Unfortunately, I firmly believe the company is blowing smoke and has
sent us a bunch of ERD's, UML's and various descriptions of data
theory. (There are no screen descriptions or workflow items.) <<
That sounds more like a conceptual design for just the database, and not a detailed design for the entire system. I'd like to see the applications represented in a DFD or structure chart at least.
>> ... they indicate that they are creating a databse design which
uses Natural Keys vs.
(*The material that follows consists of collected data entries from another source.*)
(* Let $q>3$ and $n\ge 1$. Suppose there exists a local permutation polynomial $f\in\mathbb{F}_q[x_1,\dots,x_n]$ of degree $n(q-2)$. Then, for every $1\le m\le n$, there exists a local permutation polynomial in $\mathbb{F}_q[x_1,\dots,x_m]$ of degree $m(q-2)$.
   Context: $\mathbb{F}_q$ is the finite field with $q$ elements. A polynomial $f\in\mathbb{F}_q[x_1,\dots,x_n]$ is a local permutation polynomial (LPP) if, for each $i$ and each choice of the other coordinates $(a_j)_{j\ne i}\in\mathbb{F}_q^{n-1}$, the univariate polynomial obtained by fixing $x_j=a_j$ for $j\ne i$ induces a bijection of $\mathbb{F}_q$. Polynomials are reduced (degree $<q$ in each variable), and degree means total degree. For $q>3$ any LPP in $n$ variables has degree at most $n(q-2)$, which is the "maximum degree". *)

theory Defs
  imports Main
begin

text \<open>Reduced polynomials in n variables x_0..x_(n-1) over a finite field 'a with q = card (UNIV :: 'a set)
elements are represented by their coefficient function on exponent vectors
(nat => nat), supported on exponent vectors e with e i < q for i < n and e i = 0 for i >= n.\<close>

definition red_exps :: "nat \<Rightarrow> nat \<Rightarrow> (nat \<Rightarrow> nat) set" where
  "red_exps q n = {e. (\<forall>i<n. e i < q) \<and> (\<forall>i\<ge>n. e i = 0)}"

definition is_reduced_poly :: "nat \<Rightarrow> ((nat \<Rightarrow> nat) \<Rightarrow> 'a::{field,finite}) \<Rightarrow> bool" where
  "is_reduced_poly n c \<longleftrightarrow> (\<forall>e. c e \<noteq> 0 \<longrightarrow> e \<in> red_exps (card (UNIV :: 'a set)) n)"

definition mpeval :: "nat \<Rightarrow> ((nat \<Rightarrow> nat) \<Rightarrow> 'a::{field,finite}) \<Rightarrow> (nat \<Rightarrow> 'a) \<Rightarrow> 'a" where
  "mpeval n c x = (\<Sum>e\<in>red_exps (card (UNIV :: 'a set)) n. c e * (\<Prod>i<n. x i ^ e i))"

text \<open>Total degree (the zero polynomial gets degree 0 by convention).\<close>
definition tdeg :: "nat \<Rightarrow> ((nat \<Rightarrow> nat) \<Rightarrow> 'a::{field,finite}) \<Rightarrow> nat" where
  "tdeg n c = Max (insert 0 {(\<Sum>i<n. e i) | e. e \<in> red_exps (card (UNIV :: 'a set)) n \<and> c e \<noteq> 0})"

definition is_LPP :: "nat \<Rightarrow> ((nat \<Rightarrow> nat) \<Rightarrow> 'a::{field,finite}) \<Rightarrow> bool" where
  "is_LPP n c \<longleftrightarrow> is_reduced_poly n c \<and>
     (\<forall>i<n. \<forall>x::nat \<Rightarrow> 'a. bij (\<lambda>t. mpeval n c (x(i := t))))"

end

theory Submission
  imports Defs "HOL-Computational_Algebra.Polynomial"
begin

(* The coefficient of x_i^(q-1) in a local permutation polynomial f vanishes: summing f along a
   line in direction x_i gives the sum of all field elements, which is 0, whereas the power sums
   of the field vanish in every exponent below q - 1 and equal -1 in exponent q - 1.  So every
   exponent in f is at most q - 2, and degree n(q - 2) forces the monomial (x_0 ... x_(n-1))^(q-2)
   to occur.  Substituting for the last variable a constant that keeps the coefficient of
   (x_0 ... x_(n-2))^(q-2) nonzero preserves the local permutation property in the remaining
   variables and gives degree (n - 1)(q - 2); iterate. *)

lemma card_UNIV_field_ge_2: "2 \<le> card (UNIV :: 'a::{field,finite} set)"
proof -
  have "card {0, 1::'a} \<le> card (UNIV :: 'a set)"
    by (rule card_mono) auto
  thus ?thesis by simp
qed

lemma of_nat_card_UNIV_eq_0: "of_nat (card (UNIV :: 'a::{field,finite} set)) = (0::'a)"
proof -
  have "(\<Sum>t::'a\<in>UNIV. t + 1) = (\<Sum>t\<in>UNIV. t)"
    by (rule sum.reindex_bij_witness[of _ "\<lambda>t. t - 1" "\<lambda>t. t + 1"]) auto
  thus ?thesis by (simp add: sum.distrib)
qed

lemma power_card_UNIV_minus_1:
  fixes t :: "'a::{field,finite}"
  assumes "t \<noteq> 0"
  shows "t ^ (card (UNIV :: 'a set) - 1) = 1"
proof -
  let ?U = "UNIV - {0::'a}"
  have "(\<Prod>u\<in>?U. t * u) = (\<Prod>u\<in>?U. u)"
    by (rule prod.reindex_bij_witness[of _ "\<lambda>u. u / t" "\<lambda>u. t * u"]) (use assms in auto)
  moreover have "card ?U = card (UNIV :: 'a set) - 1"
    by (simp add: card_Diff_singleton)
  ultimately show ?thesis
    by (simp add: prod.distrib)
qed

lemma exists_power_ne_1:
  assumes "0 < s" and "s < card (UNIV :: 'a::{field,finite} set) - 1"
  shows "\<exists>c::'a. c \<noteq> 0 \<and> c ^ s \<noteq> 1"
proof (rule ccontr)
  define p :: "'a poly" where "p = monom 1 s - 1"
  assume "\<not> ?thesis"
  hence roots: "UNIV - {0} \<subseteq> {c. poly p c = 0}"
    by (auto simp: p_def poly_monom)
  have "coeff p s = 1"
    using assms(1) by (simp add: p_def)
  hence "p \<noteq> 0" by auto
  have "card (UNIV - {0::'a}) \<le> card {c. poly p c = 0}"
    using roots poly_roots_finite[OF \<open>p \<noteq> 0\<close>] by (rule card_mono[rotated])
  also have "\<dots> \<le> degree p"
    using \<open>p \<noteq> 0\<close> by (rule card_poly_roots_bound)
  also have "\<dots> \<le> s"
    unfolding p_def by (rule degree_diff_le) (auto intro: degree_monom_le)
  finally show False
    using assms(2) by (simp add: card_Diff_singleton)
qed

lemma sum_power_eq_0:
  assumes "s < card (UNIV :: 'a::{field,finite} set) - 1"
  shows "(\<Sum>t::'a\<in>UNIV. t ^ s) = 0"
proof (cases "s = 0")
  case True
  thus ?thesis by (simp add: of_nat_card_UNIV_eq_0)
next
  case False
  then obtain c :: 'a where c: "c \<noteq> 0" "c ^ s \<noteq> 1"
    using exists_power_ne_1 assms by blast
  have "(\<Sum>t::'a\<in>UNIV. (c * t) ^ s) = (\<Sum>t\<in>UNIV. t ^ s)"
    by (rule sum.reindex_bij_witness[of _ "\<lambda>t. t / c" "\<lambda>t. c * t"]) (use c in auto)
  hence "c ^ s * (\<Sum>t::'a\<in>UNIV. t ^ s) = (\<Sum>t\<in>UNIV. t ^ s)"
    by (simp add: power_mult_distrib sum_distrib_left mult.commute)
  hence "(c ^ s - 1) * (\<Sum>t::'a\<in>UNIV. t ^ s) = 0"
    by (simp add: algebra_simps)
  thus ?thesis
    using c(2) by simp
qed

lemma sum_power_card_UNIV_minus_1:
  "(\<Sum>t::'a::{field,finite}\<in>UNIV. t ^ (card (UNIV :: 'a set) - 1)) = -1"
proof -
  have q: "2 \<le> card (UNIV :: 'a set)"
    by (rule card_UNIV_field_ge_2)
  have "(\<Sum>t::'a\<in>UNIV. t ^ (card (UNIV :: 'a set) - 1)) = (\<Sum>t\<in>UNIV - {0::'a}. 1)"
    by (intro sum.mono_neutral_cong_right) (use q power_card_UNIV_minus_1 in auto)
  also have "\<dots> = of_nat (card (UNIV :: 'a set)) - 1"
    using q by (simp add: card_Diff_singleton)
  finally show ?thesis
    by (simp add: of_nat_card_UNIV_eq_0)
qed

lemma coeff_eq_0_if_vanishes:
  fixes a :: "nat \<Rightarrow> 'a::{field,finite}"
  assumes vanish: "\<And>t. (\<Sum>j<d. a j * t ^ j) = 0"
    and "d \<le> card (UNIV :: 'a set)" and "k < d"
  shows "a k = 0"
proof -
  define p where "p = (\<Sum>j<d. monom (a j) j)"
  have "p = 0"
  proof (rule ccontr)
    assume "p \<noteq> 0"
    have "{t. poly p t = 0} = UNIV"
      using vanish by (simp add: p_def poly_sum poly_monom)
    hence "card (UNIV :: 'a set) \<le> degree p"
      using card_poly_roots_bound[OF \<open>p \<noteq> 0\<close>] by simp
    also have "degree p \<le> d - 1"
      unfolding p_def by (rule degree_sum_le) (auto intro: order.trans[OF degree_monom_le])
    finally show False
      using assms(2,3) by simp
  qed
  hence "coeff p k = 0" by simp
  thus ?thesis
    using assms(3) by (simp add: p_def coeff_sum)
qed

lemma finite_red_exps: "finite (red_exps q n)"
proof -
  have "finite {e. \<forall>i. (i \<in> {..<n} \<longrightarrow> e i \<in> {..<q}) \<and> (i \<notin> {..<n} \<longrightarrow> e i = 0)}"
    by (rule finite_set_of_finite_funs) auto
  thus ?thesis
    unfolding red_exps_def by (rule rev_finite_subset) auto
qed

lemma bij_betw_red_exps_fun_upd:
  assumes "i < n"
  shows "bij_betw (\<lambda>(e, k). e(i := k)) ({e \<in> red_exps q n. e i = 0} \<times> {..<q}) (red_exps q n)"
  by (rule bij_betw_byWitness[where f' = "\<lambda>e. (e(i := 0), e i)"])
    (use assms in \<open>auto simp: red_exps_def fun_upd_idem\<close>)

definition var_coeff ::
    "nat \<Rightarrow> ((nat \<Rightarrow> nat) \<Rightarrow> 'a::{field,finite}) \<Rightarrow> nat \<Rightarrow> nat \<Rightarrow> (nat \<Rightarrow> nat) \<Rightarrow> 'a" where
  "var_coeff n c i k e =
     (if e \<in> red_exps (card (UNIV :: 'a set)) n \<and> e i = 0 then c (e(i := k)) else 0)"

lemma var_coeff_fun_upd_0:
  fixes c :: "(nat \<Rightarrow> nat) \<Rightarrow> 'a::{field,finite}"
  assumes "e \<in> red_exps (card (UNIV :: 'a set)) n"
  shows "var_coeff n c i (e i) (e(i := 0)) = c e"
  using assms by (auto simp: var_coeff_def red_exps_def)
Surrogate Keys because they "were necessary for
the nomalization of the data model." The document went on to say,
"natural keys are necessary to determine functional dependence and the
efficient normalization of the the data
model." <<
Of course, you want to know what the natural keys are for data integrity, but why mention it? Was someone pushing to use Oracle's ROWID as the key in every table or something??
>> To make matters worse, they later describe the use of a "code
table" to store various codes. This is something I've often seen in
IMS and various btrieve-based databases and I don't believe belongs
anywhere in a relational model. <<
Amen. It is a violation of First Normal Form (1NF); the column with the value is not one kind of attribute. In practice it is a nightmare becuae every code winds up being stored as VARCHAR(n) and converted to temporal, fixed length strings, numerics, etc. over and over for the conversions. A good rule of thumb in the schema design stage is:
for relatively short lists with constant values over time (sex, race, states, etc.)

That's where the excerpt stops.